Set out exactly every line of the entries below, starting at the line that holds "Lipschitz in expectation." and stopping after the line that holds "(extensional elements of".

[[ Supplied material, beginning ]]

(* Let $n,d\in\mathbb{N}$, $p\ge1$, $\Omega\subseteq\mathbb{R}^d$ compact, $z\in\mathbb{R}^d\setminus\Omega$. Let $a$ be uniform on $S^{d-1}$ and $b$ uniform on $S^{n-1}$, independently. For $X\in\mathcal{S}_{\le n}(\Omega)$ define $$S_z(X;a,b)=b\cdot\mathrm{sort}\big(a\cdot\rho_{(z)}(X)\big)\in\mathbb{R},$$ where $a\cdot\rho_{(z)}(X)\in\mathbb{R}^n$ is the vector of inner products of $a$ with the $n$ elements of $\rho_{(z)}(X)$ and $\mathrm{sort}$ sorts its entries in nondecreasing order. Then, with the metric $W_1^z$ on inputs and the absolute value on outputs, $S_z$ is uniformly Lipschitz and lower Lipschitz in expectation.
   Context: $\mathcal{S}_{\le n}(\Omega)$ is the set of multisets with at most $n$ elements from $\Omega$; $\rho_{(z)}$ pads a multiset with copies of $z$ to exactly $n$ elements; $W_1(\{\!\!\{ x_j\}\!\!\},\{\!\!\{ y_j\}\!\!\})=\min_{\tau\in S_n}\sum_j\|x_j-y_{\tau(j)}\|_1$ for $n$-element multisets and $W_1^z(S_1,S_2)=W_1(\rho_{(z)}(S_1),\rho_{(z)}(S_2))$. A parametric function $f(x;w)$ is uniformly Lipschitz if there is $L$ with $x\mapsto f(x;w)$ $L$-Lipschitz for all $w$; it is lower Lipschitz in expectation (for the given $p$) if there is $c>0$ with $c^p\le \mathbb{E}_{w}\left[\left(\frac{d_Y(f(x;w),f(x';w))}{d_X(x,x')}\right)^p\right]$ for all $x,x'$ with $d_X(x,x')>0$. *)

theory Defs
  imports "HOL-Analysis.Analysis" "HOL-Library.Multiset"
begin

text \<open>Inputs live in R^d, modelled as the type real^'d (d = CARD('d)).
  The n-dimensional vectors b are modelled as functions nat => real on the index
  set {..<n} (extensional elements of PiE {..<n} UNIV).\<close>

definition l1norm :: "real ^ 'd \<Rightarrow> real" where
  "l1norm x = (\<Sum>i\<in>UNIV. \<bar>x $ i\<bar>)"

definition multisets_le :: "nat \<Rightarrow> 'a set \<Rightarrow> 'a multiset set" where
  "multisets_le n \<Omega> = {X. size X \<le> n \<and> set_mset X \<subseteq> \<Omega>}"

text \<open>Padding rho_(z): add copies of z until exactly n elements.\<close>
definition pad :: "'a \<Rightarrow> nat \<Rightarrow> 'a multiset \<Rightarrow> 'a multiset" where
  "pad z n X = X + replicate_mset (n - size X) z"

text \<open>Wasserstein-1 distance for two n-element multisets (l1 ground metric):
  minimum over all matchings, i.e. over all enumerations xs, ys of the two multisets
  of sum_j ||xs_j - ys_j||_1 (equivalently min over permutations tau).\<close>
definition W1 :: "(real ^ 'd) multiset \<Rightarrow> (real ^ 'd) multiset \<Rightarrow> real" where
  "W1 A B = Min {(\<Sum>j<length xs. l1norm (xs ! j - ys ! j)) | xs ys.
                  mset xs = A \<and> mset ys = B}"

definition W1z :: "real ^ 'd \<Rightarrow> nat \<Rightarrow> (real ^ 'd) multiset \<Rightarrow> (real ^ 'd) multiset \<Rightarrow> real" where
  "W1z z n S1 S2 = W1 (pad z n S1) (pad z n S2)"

[[ Supplied material, end ]]
[[ Supplied material, beginning ]]

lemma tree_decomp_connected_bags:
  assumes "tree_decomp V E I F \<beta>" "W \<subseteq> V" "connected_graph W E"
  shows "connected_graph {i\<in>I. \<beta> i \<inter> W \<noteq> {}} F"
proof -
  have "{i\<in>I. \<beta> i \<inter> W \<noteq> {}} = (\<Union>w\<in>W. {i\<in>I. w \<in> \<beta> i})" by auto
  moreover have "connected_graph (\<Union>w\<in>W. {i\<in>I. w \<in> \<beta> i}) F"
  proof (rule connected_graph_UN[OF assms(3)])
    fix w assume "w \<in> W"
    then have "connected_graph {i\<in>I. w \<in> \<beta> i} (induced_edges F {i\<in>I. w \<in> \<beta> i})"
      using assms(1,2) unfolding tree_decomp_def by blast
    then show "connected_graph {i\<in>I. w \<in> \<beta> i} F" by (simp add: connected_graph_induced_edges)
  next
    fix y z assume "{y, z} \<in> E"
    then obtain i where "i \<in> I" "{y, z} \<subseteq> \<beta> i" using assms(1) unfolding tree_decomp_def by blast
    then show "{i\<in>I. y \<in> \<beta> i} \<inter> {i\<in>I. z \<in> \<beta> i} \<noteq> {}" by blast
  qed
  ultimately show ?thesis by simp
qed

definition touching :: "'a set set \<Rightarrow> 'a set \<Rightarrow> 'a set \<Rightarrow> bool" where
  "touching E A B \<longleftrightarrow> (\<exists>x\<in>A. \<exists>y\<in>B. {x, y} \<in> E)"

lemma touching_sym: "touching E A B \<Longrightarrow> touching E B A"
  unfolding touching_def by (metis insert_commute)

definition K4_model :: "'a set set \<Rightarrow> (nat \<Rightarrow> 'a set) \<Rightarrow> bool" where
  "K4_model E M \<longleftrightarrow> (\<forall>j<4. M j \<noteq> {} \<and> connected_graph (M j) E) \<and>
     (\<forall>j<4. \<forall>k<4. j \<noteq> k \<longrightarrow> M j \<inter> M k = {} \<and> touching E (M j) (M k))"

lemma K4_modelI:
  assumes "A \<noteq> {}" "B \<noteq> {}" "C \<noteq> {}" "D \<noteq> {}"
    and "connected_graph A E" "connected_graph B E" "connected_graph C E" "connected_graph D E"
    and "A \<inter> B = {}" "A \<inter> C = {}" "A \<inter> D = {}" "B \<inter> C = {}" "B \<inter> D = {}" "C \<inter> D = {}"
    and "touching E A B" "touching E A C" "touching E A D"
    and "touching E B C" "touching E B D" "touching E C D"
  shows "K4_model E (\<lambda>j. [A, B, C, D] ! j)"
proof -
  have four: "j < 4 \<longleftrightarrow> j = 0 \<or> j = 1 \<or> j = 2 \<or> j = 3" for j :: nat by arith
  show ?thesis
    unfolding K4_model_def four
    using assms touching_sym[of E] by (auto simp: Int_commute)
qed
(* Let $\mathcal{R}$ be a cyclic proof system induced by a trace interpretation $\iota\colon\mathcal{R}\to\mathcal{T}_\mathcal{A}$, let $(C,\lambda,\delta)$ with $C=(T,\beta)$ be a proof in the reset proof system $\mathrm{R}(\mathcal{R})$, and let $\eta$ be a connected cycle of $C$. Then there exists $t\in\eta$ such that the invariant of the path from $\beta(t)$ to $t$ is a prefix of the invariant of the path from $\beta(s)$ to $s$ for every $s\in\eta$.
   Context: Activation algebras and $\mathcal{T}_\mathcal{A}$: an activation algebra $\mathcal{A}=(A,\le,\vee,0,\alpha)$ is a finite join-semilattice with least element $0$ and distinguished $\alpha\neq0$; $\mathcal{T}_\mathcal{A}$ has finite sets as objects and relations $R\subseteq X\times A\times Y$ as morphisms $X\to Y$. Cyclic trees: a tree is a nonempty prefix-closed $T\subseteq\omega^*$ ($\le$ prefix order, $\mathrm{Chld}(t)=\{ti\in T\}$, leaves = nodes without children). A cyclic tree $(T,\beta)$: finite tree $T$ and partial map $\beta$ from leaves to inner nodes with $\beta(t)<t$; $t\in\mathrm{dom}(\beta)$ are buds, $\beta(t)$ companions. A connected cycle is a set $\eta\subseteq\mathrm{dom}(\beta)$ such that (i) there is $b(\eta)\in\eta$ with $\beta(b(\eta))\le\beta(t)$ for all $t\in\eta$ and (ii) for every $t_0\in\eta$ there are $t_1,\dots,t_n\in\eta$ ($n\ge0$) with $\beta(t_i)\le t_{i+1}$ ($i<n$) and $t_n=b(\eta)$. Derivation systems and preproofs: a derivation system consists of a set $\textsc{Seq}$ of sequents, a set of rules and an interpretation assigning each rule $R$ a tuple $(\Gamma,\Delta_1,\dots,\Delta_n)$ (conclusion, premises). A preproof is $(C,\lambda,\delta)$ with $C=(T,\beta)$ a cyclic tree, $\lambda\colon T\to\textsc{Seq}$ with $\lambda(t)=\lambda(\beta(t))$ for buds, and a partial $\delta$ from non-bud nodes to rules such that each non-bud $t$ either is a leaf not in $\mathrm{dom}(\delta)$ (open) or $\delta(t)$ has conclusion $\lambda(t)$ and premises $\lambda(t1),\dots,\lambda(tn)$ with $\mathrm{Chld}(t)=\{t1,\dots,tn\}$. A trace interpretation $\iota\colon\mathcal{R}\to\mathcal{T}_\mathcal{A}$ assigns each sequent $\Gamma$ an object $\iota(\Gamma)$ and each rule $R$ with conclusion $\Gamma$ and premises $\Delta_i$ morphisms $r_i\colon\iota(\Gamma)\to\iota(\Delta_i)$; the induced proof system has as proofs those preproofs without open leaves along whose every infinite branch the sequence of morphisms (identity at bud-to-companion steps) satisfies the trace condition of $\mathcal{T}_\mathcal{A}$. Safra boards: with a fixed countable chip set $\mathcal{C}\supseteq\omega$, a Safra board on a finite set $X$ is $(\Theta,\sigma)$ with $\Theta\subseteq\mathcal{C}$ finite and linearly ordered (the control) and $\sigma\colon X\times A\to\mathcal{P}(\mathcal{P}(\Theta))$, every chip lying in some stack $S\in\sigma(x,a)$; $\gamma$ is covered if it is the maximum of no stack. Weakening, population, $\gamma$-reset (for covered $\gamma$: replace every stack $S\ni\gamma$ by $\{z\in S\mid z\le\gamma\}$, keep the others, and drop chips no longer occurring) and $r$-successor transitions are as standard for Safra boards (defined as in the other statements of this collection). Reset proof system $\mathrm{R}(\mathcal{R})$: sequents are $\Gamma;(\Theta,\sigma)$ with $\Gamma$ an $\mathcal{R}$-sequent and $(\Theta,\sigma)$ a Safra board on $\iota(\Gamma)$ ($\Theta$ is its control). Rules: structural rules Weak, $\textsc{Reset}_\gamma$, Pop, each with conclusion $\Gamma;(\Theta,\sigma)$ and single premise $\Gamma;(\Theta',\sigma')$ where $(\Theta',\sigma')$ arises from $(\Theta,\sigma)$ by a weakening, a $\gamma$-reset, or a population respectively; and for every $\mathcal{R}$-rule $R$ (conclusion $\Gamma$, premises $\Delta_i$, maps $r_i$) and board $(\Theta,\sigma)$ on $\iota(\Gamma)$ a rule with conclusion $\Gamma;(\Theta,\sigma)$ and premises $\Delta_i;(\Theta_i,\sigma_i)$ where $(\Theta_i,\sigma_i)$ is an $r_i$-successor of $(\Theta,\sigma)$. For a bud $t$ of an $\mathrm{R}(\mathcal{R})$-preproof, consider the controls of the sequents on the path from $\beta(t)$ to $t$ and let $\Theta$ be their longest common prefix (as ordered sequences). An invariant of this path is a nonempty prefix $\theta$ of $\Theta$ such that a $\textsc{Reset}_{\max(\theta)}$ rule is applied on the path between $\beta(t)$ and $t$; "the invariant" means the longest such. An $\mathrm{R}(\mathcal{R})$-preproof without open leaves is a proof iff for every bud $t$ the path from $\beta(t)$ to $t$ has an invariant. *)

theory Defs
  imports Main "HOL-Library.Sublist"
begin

[[ Supplied material, end ]]

* Answer to this exercise:
(* Let $n,d\in\mathbb{N}$, $p\ge1$, $\Omega\subseteq\mathbb{R}^d$ compact, $z\in\mathbb{R}^d\setminus\Omega$. Let $a$ be uniform on $S^{d-1}$ and $b$ uniform on $S^{n-1}$, independently. For $X\in\mathcal{S}_{\le n}(\Omega)$ define $$S_z(X;a,b)=b\cdot\mathrm{sort}\big(a\cdot\rho_{(z)}(X)\big)\in\mathbb{R},$$ where $a\cdot\rho_{(z)}(X)\in\mathbb{R}^n$ is the vector of inner products of $a$ with the $n$ elements of $\rho_{(z)}(X)$ and $\mathrm{sort}$ sorts its entries in nondecreasing order. Then, with the metric $W_1^z$ on inputs and the absolute value on outputs, $S_z$ is uniformly Lipschitz and lower Lipschitz in expectation.
   Context: $\mathcal{S}_{\le n}(\Omega)$ is the set of multisets with at most $n$ elements from $\Omega$; $\rho_{(z)}$ pads a multiset with copies of $z$ to exactly $n$ elements; $W_1(\{\!\!\{ x_j\}\!\!\},\{\!\!\{ y_j\}\!\!\})=\min_{\tau\in S_n}\sum_j\|x_j-y_{\tau(j)}\|_1$ for $n$-element multisets and $W_1^z(S_1,S_2)=W_1(\rho_{(z)}(S_1),\rho_{(z)}(S_2))$. A parametric function $f(x;w)$ is uniformly Lipschitz if there is $L$ with $x\mapsto f(x;w)$ $L$-Lipschitz for all $w$; it is lower Lipschitz in expectation (for the given $p$) if there is $c>0$ with $c^p\le \mathbb{E}_{w}\left[\left(\frac{d_Y(f(x;w),f(x';w))}{d_X(x,x')}\right)^p\right]$ for all $x,x'$ with $d_X(x,x')>0$. *)

theory Defs
  imports "HOL-Analysis.Analysis" "HOL-Library.Multiset"
begin

text \<open>Inputs live in R^d, modelled as the type real^'d (d = CARD('d)).
  The n-dimensional vectors b are modelled as functions nat => real on the index
  set {..<n} (extensional elements of PiE {..<n} UNIV).\<close>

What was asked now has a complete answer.